_WORK ITEM_
Each line that has the string "nonnegative" must be copied from the records below.

[Dataset excerpts]
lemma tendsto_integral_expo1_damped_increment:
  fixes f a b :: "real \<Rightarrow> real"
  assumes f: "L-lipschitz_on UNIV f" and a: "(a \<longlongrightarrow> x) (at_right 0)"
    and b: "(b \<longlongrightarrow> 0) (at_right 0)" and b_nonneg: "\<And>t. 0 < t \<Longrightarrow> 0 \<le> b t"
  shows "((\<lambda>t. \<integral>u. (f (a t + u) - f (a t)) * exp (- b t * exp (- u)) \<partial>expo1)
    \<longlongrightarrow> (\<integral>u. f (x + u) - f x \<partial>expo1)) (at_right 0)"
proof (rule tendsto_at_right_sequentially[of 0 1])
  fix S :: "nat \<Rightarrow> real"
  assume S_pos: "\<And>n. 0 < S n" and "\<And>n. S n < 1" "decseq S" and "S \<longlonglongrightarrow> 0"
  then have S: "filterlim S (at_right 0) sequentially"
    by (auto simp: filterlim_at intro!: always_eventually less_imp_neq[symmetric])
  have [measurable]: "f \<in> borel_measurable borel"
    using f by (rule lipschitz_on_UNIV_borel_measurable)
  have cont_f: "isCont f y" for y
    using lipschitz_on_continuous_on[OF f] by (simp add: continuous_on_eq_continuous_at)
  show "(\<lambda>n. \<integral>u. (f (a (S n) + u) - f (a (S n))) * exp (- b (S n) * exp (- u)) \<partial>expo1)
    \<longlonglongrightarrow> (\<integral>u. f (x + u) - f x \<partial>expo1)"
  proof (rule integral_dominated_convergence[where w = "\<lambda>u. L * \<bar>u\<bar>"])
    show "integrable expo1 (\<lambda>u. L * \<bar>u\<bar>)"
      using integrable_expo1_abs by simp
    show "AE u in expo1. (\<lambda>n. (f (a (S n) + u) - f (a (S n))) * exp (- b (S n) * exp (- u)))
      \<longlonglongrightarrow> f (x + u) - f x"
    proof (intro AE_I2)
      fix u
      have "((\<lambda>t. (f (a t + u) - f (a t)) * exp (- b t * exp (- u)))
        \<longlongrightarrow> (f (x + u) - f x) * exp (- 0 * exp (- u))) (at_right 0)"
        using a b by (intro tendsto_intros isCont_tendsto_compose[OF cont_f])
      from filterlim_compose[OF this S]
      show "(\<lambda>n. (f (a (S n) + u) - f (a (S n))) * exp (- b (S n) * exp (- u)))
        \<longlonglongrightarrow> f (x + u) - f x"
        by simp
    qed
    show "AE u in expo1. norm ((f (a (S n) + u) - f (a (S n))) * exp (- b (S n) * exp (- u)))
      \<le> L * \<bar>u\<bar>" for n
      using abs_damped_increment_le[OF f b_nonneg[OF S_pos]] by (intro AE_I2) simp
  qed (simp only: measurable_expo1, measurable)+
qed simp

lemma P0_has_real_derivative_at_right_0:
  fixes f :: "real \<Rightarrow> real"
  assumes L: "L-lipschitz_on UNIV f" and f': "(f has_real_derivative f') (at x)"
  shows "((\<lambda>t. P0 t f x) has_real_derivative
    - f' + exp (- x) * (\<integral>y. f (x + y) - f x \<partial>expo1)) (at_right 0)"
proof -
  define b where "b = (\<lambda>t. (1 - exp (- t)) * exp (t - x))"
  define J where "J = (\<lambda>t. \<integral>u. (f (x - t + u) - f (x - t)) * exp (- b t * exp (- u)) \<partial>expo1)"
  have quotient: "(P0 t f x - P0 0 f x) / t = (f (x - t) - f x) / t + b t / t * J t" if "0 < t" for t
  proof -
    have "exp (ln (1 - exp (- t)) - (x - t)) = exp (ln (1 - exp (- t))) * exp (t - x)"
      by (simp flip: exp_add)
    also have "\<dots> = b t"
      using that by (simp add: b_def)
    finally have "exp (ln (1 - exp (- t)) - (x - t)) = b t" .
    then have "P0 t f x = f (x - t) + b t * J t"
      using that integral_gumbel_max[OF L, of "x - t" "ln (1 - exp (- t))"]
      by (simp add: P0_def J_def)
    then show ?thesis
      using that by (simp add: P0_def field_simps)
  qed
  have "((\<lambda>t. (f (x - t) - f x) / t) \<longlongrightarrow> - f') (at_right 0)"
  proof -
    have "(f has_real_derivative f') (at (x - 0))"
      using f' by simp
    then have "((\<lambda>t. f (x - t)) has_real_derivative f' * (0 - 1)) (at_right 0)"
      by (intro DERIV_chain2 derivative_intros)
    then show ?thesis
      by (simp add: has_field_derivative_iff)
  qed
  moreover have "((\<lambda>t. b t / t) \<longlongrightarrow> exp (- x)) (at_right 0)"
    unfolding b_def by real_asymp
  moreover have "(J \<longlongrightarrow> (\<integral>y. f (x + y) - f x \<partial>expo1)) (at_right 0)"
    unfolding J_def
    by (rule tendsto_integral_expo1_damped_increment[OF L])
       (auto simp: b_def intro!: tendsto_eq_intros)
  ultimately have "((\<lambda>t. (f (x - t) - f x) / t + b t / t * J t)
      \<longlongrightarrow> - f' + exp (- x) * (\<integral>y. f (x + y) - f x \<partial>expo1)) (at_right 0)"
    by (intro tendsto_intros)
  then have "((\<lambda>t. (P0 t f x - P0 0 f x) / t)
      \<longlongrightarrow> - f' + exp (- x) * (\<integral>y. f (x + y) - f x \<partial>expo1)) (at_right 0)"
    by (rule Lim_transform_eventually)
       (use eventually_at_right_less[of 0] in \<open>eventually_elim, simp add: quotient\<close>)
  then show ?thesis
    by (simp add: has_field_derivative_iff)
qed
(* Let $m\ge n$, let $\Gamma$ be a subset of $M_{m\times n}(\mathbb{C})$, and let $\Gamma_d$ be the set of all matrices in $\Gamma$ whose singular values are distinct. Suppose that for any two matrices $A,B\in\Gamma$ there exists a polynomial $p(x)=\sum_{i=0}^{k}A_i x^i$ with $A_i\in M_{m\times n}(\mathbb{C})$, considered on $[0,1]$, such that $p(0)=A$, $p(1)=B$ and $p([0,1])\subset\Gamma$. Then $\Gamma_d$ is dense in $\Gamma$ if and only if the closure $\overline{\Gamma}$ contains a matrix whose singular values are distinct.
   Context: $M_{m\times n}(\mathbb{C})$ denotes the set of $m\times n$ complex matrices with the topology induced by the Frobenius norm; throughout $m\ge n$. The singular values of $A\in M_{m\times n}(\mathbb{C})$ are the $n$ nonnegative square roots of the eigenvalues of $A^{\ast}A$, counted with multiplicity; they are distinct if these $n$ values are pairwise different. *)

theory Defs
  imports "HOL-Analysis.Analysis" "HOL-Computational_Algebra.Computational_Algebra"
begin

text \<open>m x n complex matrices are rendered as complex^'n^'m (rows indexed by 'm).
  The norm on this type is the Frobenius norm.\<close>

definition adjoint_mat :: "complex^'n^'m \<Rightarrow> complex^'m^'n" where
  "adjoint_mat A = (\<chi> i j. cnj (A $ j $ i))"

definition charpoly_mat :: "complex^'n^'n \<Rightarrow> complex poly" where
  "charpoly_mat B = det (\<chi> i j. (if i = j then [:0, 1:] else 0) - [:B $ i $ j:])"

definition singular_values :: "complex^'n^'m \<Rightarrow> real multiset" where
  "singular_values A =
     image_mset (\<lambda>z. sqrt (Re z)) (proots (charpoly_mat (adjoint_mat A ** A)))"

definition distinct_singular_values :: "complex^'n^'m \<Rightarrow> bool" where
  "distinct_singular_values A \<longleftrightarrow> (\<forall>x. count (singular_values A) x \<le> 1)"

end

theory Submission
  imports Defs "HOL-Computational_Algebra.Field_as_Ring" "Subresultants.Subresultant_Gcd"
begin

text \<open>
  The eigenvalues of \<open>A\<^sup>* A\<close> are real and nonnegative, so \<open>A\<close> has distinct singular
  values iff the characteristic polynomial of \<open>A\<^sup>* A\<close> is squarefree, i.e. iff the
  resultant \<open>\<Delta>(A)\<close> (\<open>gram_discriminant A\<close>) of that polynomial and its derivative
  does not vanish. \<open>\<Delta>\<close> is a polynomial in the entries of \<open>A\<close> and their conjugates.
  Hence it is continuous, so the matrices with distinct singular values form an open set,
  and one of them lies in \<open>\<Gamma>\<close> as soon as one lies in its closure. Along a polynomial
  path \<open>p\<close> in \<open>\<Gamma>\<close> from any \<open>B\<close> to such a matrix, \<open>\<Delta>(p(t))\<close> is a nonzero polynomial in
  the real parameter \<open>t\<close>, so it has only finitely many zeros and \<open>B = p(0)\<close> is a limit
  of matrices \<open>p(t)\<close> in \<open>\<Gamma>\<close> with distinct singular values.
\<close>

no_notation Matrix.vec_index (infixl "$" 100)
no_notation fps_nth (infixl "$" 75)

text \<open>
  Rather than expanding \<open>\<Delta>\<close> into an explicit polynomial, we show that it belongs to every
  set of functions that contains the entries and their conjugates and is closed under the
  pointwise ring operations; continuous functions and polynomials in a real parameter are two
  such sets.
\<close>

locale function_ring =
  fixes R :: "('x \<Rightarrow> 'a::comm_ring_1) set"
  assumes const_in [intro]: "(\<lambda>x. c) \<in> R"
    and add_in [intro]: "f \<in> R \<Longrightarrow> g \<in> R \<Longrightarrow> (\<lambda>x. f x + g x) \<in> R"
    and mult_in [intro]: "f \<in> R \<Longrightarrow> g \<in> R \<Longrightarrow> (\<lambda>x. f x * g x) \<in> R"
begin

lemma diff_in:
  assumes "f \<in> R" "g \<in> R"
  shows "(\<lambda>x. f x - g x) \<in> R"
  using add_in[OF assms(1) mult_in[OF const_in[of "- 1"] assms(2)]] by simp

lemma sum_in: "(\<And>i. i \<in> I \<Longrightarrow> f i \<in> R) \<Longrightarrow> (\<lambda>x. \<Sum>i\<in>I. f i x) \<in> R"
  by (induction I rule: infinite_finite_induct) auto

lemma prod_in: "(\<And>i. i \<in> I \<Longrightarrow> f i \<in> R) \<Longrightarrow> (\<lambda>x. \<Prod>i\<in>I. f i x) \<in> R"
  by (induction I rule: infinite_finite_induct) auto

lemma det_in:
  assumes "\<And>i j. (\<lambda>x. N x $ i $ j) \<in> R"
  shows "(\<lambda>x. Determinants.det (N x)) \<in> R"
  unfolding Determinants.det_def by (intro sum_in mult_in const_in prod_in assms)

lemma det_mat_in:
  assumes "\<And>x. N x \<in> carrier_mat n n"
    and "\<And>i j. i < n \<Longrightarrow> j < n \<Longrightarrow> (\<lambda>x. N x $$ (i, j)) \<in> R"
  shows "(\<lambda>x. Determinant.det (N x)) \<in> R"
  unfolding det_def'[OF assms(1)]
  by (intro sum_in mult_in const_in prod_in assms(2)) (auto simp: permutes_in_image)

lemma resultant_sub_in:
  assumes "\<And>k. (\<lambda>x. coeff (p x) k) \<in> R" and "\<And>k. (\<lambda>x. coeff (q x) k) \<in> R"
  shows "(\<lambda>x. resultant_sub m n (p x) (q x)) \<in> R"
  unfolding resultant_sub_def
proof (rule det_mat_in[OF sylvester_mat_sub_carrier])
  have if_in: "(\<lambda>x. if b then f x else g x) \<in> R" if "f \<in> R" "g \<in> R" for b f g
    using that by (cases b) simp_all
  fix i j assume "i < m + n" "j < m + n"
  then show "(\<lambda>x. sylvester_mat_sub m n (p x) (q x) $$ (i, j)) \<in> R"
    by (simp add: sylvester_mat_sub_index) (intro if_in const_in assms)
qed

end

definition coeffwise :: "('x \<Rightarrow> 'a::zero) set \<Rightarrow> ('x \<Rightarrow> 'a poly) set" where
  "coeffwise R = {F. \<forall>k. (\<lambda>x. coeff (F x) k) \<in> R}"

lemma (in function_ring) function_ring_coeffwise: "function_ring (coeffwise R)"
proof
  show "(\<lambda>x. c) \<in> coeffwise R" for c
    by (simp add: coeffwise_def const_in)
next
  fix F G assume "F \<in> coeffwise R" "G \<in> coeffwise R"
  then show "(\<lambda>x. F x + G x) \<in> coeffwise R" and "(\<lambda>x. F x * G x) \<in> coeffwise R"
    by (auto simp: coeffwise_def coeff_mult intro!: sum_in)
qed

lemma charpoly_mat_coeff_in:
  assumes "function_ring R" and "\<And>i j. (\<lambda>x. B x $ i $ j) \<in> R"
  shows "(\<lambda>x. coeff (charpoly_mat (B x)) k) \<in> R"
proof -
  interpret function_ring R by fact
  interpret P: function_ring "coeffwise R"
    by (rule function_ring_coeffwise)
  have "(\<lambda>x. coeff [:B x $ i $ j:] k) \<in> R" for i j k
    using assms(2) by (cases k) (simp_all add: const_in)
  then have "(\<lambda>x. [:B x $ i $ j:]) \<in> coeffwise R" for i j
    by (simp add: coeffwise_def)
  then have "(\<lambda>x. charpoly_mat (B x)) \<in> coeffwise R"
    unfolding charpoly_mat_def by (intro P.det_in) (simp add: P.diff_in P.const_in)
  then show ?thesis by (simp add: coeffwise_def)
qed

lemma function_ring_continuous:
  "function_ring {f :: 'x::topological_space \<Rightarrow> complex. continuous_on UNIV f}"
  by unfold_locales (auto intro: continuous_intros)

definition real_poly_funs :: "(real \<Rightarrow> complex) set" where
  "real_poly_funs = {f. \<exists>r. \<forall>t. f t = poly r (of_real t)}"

* * *

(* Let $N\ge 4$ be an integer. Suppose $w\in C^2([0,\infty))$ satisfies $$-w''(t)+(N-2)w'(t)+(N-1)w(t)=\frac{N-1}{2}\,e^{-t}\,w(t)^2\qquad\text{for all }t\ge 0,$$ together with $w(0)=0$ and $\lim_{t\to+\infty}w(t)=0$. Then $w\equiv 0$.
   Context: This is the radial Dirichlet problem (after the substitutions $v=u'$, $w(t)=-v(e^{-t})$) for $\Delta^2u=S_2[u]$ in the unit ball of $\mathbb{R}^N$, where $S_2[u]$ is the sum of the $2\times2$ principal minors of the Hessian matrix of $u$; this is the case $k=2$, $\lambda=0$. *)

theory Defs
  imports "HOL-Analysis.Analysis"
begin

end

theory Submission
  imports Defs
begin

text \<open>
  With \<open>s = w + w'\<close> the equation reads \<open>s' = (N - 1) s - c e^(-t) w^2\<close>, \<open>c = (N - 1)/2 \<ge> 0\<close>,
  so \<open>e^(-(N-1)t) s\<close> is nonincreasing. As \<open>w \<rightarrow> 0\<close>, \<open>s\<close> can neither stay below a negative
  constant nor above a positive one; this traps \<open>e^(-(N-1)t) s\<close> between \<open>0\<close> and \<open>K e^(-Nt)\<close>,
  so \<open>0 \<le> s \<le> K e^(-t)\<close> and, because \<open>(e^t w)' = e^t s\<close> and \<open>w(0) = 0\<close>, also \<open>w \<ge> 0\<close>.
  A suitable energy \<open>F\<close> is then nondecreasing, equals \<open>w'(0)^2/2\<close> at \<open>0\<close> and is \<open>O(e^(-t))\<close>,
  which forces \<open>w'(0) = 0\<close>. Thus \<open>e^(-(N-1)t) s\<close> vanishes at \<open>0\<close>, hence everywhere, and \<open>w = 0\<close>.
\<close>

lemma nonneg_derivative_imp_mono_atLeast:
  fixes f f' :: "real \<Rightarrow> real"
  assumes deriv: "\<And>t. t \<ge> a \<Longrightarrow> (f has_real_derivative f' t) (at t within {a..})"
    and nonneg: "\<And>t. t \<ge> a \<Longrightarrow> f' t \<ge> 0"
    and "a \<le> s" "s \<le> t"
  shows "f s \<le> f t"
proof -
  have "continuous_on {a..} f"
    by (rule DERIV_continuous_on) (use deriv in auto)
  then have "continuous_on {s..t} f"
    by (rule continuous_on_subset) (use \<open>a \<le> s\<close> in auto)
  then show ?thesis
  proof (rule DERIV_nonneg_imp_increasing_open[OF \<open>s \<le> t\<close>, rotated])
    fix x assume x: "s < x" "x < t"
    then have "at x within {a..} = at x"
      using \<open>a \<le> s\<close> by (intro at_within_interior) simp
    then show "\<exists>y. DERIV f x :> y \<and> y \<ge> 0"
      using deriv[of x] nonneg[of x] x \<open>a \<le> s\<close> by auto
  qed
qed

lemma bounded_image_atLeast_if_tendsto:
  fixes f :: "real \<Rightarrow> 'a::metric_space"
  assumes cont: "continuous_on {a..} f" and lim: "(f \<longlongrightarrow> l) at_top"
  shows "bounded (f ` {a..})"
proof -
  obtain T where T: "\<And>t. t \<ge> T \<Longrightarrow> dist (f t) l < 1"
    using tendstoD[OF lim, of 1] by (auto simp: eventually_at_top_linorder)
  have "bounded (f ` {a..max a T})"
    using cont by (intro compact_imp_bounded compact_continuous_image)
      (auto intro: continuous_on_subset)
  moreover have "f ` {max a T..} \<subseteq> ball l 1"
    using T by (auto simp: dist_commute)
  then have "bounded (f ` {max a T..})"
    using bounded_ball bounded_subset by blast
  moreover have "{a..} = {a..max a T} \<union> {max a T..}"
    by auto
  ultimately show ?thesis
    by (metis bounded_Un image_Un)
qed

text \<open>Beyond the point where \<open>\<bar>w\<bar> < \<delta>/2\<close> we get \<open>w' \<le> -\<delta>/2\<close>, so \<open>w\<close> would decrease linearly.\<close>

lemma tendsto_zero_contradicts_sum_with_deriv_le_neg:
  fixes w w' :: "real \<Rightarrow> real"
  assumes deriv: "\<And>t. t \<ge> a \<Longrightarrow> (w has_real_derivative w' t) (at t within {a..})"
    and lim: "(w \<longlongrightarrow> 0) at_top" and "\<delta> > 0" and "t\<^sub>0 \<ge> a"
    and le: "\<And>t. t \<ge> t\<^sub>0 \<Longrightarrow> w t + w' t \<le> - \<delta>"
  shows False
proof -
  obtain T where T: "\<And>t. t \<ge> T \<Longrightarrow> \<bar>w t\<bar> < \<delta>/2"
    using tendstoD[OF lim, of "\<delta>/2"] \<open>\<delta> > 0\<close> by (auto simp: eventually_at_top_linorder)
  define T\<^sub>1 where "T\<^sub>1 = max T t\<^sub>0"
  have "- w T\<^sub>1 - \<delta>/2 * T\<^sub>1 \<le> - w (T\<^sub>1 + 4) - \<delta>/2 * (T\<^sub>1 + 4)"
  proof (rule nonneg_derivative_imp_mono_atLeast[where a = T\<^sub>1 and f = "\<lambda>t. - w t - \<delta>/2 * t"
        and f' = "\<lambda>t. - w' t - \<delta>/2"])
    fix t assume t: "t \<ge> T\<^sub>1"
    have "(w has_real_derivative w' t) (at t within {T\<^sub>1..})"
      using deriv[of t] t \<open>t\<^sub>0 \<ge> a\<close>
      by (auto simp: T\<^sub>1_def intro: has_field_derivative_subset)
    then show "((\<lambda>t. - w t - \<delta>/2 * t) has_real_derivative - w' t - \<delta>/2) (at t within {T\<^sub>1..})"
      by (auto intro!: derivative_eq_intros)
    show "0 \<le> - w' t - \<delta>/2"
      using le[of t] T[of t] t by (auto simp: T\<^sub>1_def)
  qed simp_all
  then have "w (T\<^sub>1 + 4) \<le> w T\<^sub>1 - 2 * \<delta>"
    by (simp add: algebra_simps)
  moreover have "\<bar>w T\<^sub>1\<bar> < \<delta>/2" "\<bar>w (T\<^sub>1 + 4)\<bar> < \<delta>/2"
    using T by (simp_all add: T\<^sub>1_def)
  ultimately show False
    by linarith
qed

...

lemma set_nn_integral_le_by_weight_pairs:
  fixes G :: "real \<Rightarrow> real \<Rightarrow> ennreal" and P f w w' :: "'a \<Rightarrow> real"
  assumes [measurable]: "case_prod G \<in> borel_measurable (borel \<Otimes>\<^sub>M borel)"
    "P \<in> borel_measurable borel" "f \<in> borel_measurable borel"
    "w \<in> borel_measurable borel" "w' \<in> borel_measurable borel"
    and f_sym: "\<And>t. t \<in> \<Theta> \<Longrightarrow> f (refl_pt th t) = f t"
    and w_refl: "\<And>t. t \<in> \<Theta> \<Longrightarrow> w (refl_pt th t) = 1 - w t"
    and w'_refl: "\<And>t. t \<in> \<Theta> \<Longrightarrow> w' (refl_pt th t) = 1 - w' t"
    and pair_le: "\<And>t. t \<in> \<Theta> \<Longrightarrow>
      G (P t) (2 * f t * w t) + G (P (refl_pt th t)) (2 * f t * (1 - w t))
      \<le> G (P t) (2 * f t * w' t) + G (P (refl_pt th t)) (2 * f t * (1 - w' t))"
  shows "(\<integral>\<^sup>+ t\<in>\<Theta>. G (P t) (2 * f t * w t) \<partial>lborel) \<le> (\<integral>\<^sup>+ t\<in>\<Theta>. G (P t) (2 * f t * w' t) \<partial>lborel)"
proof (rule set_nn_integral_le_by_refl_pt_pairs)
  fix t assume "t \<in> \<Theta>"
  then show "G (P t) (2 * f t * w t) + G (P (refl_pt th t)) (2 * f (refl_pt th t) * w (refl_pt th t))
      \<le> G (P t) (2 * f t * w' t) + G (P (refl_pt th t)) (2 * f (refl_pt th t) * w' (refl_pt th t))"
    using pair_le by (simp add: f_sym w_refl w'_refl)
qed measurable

_RESPONSE TO THE EXERCISE_
   Context: $M_{m\times n}(\mathbb{C})$ denotes the set of $m\times n$ complex matrices with the topology induced by the Frobenius norm; throughout $m\ge n$. The singular values of $A\in M_{m\times n}(\mathbb{C})$ are the $n$ nonnegative square roots of the eigenvalues of $A^{\ast}A$, counted with multiplicity; they are distinct if these $n$ values are pairwise different. *)
  The eigenvalues of \<open>A\<^sup>* A\<close> are real and nonnegative, so \<open>A\<close> has distinct singular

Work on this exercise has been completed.